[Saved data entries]
"""

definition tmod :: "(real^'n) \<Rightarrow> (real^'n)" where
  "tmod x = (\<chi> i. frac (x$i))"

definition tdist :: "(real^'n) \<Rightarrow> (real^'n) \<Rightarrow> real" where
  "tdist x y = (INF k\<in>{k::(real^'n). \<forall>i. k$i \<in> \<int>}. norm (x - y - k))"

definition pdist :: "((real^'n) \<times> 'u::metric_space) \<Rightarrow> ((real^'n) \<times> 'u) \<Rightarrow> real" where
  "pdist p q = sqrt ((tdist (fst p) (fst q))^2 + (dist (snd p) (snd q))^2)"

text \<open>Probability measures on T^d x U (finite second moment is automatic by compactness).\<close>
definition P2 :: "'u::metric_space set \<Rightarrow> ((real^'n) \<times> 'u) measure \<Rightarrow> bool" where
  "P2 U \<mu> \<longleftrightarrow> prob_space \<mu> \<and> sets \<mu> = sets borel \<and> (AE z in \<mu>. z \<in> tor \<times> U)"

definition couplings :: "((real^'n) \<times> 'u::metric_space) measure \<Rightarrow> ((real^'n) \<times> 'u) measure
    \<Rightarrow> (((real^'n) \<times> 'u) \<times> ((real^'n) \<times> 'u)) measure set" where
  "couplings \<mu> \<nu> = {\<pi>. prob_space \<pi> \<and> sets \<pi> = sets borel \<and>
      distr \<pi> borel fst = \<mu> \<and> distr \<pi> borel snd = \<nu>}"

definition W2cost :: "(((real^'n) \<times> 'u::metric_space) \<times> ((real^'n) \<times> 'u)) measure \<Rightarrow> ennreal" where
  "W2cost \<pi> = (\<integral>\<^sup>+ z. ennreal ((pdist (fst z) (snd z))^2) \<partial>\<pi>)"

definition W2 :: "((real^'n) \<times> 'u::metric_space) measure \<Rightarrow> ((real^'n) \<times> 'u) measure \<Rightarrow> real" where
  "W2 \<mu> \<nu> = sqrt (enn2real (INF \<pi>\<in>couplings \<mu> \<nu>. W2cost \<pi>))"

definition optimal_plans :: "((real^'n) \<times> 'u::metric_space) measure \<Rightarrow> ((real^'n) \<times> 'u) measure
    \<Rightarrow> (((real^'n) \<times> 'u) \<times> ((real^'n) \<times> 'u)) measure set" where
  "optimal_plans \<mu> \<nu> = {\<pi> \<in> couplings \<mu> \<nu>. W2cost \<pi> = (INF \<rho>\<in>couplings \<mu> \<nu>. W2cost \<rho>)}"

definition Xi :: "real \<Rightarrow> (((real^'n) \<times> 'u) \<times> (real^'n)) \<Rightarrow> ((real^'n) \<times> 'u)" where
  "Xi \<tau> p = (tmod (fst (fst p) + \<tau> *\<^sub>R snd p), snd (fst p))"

"""
"""

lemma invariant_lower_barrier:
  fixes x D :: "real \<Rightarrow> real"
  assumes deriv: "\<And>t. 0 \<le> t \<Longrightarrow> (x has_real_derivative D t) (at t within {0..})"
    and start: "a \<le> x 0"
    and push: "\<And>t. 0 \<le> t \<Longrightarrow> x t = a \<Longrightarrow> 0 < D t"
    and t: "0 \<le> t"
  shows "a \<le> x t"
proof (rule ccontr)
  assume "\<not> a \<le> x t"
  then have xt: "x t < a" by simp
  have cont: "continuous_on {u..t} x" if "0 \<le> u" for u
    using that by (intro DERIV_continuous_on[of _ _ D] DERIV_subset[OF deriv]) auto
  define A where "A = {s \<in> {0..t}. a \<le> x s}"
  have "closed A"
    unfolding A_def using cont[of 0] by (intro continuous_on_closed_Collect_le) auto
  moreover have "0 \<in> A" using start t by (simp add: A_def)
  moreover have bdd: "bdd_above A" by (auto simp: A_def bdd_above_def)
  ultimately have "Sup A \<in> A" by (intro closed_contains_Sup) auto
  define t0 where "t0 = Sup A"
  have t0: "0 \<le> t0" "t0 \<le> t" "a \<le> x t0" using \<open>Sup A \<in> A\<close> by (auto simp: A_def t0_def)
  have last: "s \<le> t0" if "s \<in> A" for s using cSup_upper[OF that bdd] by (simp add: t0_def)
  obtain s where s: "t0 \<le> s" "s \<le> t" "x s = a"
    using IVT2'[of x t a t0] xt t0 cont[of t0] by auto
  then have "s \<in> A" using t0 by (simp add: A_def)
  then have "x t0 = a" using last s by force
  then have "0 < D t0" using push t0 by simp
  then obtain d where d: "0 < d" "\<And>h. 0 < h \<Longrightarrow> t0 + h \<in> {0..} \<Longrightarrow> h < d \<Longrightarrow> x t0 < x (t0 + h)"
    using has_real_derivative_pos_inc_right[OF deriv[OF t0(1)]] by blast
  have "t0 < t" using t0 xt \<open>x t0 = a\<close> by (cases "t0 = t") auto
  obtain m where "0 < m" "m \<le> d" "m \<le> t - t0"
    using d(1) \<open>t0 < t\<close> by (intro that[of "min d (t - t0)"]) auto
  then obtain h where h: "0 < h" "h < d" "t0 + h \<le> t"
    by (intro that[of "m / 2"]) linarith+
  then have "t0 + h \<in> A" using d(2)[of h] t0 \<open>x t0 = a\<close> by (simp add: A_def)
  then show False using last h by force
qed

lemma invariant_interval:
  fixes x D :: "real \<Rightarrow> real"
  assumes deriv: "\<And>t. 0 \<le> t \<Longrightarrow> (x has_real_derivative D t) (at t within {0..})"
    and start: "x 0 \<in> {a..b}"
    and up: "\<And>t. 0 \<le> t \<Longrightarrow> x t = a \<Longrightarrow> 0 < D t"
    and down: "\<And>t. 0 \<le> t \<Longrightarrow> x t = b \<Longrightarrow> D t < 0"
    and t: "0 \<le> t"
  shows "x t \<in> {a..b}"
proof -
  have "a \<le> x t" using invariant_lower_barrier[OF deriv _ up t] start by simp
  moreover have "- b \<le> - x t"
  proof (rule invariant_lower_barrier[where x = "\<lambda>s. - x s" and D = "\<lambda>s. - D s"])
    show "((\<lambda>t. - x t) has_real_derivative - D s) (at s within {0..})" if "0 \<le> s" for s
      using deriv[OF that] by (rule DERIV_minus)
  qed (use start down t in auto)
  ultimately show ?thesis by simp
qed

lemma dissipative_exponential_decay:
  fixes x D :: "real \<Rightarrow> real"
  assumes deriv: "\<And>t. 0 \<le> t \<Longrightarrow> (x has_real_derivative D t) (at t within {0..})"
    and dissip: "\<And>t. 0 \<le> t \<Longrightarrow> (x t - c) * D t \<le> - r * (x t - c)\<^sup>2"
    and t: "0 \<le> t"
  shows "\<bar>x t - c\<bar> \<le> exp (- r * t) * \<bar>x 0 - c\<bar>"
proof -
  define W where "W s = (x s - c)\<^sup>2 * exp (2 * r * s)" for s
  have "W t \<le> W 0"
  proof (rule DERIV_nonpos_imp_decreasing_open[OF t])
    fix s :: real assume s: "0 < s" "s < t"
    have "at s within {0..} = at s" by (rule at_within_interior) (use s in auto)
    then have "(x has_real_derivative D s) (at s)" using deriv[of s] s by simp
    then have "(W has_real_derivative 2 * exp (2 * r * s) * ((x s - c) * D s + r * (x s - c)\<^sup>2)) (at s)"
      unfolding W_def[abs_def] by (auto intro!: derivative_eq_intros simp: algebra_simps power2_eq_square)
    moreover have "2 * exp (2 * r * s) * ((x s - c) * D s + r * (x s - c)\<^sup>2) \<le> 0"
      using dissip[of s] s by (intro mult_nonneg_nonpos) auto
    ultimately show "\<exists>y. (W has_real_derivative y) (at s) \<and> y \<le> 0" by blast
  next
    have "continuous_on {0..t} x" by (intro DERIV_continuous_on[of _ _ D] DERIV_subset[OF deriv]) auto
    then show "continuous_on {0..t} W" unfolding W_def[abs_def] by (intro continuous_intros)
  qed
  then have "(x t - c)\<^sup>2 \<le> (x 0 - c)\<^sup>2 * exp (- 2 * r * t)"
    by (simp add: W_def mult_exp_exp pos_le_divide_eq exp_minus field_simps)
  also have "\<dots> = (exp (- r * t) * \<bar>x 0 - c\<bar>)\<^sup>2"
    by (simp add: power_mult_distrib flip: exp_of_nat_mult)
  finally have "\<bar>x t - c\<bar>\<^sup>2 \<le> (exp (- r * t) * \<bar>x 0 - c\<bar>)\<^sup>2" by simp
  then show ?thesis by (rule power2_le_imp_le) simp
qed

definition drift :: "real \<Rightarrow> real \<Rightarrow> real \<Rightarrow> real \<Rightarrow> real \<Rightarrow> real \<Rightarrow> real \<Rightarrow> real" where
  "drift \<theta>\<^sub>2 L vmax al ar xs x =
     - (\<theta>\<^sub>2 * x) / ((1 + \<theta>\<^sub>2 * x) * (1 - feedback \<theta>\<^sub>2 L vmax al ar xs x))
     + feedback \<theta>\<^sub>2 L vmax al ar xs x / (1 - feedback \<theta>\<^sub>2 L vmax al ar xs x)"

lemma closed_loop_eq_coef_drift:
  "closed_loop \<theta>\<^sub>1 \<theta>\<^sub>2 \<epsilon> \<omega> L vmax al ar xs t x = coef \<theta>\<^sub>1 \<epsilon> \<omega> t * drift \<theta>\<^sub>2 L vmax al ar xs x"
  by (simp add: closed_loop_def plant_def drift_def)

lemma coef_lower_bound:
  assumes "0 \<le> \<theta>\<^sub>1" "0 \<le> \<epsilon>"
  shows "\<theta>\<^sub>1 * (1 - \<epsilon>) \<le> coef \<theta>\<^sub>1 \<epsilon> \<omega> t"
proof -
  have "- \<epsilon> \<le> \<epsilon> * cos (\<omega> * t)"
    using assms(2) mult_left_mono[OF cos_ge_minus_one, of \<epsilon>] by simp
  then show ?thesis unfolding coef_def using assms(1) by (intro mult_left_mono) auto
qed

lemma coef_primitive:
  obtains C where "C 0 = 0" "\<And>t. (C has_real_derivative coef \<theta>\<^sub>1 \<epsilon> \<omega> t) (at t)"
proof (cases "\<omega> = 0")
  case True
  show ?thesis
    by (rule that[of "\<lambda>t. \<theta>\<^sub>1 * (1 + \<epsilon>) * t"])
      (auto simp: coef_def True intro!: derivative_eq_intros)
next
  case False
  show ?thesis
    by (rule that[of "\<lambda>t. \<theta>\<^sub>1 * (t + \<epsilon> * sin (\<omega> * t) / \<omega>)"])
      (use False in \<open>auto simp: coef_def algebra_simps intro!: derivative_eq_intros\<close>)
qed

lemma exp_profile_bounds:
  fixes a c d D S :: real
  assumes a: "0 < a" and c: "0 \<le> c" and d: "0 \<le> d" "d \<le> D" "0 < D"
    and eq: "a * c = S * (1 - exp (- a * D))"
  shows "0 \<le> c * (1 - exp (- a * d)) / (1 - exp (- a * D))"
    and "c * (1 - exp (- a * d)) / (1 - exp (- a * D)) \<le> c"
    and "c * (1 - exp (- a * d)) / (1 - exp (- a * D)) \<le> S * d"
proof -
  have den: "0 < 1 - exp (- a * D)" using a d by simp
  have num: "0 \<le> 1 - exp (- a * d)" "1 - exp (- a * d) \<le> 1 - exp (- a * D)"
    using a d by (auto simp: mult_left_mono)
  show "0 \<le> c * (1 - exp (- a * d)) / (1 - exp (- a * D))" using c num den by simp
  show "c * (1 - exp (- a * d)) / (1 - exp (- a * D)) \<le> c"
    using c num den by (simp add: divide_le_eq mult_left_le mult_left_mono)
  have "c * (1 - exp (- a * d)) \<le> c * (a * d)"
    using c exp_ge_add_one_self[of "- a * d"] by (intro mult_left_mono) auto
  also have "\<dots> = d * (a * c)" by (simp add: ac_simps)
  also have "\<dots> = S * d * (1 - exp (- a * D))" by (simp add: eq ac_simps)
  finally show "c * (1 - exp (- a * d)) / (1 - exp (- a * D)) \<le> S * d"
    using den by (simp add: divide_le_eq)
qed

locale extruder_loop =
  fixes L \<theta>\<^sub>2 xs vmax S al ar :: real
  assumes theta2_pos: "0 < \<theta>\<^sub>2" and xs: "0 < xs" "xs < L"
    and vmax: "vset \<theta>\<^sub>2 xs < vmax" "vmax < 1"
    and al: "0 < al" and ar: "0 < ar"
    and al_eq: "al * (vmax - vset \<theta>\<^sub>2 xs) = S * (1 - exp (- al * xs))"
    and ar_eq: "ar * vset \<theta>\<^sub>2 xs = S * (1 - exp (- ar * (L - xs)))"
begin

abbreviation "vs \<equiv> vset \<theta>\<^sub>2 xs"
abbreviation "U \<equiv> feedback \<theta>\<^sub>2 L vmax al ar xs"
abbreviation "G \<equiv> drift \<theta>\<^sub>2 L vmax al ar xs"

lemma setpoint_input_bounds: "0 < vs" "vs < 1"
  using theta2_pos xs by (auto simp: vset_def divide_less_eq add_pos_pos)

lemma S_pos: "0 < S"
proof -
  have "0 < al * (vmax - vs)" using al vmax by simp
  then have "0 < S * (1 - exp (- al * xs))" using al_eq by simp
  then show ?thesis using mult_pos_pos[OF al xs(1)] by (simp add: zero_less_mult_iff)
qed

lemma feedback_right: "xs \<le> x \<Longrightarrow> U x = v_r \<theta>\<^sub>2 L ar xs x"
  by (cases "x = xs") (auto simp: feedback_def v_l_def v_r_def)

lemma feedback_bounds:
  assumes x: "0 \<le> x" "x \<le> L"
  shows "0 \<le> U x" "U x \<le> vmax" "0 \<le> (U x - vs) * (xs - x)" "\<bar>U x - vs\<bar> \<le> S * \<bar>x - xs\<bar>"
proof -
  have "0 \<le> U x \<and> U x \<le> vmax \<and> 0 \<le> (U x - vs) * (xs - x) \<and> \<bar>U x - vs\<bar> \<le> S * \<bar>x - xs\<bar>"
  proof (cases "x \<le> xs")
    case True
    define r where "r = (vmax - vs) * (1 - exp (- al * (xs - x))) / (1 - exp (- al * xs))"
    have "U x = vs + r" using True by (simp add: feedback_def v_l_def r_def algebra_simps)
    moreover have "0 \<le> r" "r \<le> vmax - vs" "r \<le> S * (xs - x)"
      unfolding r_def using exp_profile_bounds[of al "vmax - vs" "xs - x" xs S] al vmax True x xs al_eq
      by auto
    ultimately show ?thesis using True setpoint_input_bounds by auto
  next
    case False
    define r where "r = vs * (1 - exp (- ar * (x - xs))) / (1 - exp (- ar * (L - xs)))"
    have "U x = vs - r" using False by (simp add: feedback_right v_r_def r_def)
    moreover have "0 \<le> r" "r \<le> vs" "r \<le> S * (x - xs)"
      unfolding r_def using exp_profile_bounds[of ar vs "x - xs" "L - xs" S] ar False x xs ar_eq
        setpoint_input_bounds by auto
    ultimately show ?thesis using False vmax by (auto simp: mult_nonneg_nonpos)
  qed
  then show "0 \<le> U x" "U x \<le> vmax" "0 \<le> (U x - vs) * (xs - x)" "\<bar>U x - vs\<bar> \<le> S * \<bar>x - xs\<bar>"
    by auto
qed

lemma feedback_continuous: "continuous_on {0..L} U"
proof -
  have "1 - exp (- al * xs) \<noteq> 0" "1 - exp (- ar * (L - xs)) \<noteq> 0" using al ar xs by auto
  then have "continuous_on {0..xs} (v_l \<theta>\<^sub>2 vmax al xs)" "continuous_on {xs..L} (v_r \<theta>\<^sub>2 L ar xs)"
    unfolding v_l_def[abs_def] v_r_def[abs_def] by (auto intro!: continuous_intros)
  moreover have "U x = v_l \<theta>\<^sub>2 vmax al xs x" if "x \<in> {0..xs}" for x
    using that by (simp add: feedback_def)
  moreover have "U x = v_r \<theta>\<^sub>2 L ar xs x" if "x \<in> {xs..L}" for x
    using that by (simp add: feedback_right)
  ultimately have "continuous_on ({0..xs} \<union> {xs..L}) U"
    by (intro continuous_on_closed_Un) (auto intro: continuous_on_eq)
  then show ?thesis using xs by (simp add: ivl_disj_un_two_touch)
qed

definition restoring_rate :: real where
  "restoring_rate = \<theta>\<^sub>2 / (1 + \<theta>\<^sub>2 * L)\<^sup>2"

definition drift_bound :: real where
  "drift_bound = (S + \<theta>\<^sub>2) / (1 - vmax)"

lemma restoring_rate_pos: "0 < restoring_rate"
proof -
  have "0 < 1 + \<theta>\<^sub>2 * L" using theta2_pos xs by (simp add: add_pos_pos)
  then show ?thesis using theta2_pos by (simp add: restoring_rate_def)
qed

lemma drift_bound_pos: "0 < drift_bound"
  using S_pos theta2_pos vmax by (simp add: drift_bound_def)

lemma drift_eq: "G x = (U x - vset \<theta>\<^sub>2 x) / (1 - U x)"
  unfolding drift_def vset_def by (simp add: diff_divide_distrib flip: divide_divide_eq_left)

"""
"""

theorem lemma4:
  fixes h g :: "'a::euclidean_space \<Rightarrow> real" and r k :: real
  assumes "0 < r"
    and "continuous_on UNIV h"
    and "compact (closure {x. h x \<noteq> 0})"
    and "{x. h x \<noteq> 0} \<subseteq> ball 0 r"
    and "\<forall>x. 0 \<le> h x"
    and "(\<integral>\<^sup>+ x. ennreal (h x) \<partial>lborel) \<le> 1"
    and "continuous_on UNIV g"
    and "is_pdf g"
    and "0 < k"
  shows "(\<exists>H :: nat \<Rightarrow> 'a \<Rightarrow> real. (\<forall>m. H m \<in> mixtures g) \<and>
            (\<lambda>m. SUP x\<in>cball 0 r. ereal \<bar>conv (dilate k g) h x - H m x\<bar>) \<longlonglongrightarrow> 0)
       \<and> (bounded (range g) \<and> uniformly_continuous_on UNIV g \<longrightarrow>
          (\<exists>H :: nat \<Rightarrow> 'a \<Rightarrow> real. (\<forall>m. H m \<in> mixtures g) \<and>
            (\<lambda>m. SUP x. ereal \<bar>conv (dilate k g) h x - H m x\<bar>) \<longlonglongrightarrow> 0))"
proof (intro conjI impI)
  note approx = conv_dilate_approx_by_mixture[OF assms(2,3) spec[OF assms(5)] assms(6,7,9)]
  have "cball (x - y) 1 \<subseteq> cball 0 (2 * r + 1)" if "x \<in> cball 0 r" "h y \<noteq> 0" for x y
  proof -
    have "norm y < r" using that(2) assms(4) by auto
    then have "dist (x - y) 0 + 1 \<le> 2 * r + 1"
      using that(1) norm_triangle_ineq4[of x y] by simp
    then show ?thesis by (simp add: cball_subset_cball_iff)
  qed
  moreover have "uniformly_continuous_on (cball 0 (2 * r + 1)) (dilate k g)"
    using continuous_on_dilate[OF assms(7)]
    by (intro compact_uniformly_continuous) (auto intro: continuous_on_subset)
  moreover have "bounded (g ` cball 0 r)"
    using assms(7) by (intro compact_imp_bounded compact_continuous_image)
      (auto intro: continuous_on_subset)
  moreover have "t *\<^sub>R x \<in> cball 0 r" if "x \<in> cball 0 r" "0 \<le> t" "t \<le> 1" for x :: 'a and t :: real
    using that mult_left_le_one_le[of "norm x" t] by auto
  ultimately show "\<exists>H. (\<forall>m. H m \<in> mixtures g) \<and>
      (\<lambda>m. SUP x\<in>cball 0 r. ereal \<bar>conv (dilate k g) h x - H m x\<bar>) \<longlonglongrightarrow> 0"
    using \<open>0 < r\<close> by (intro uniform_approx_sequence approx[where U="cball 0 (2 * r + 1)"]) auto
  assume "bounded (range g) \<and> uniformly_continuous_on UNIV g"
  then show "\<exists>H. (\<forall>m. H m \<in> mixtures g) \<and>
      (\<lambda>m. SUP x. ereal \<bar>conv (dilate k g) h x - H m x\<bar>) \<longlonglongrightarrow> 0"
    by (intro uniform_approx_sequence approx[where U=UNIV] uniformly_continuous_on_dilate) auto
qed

"""

Looking at the entries above, count the lines that hold the string "down" and reply with the count alone.

## EXERCISE RESULT:
2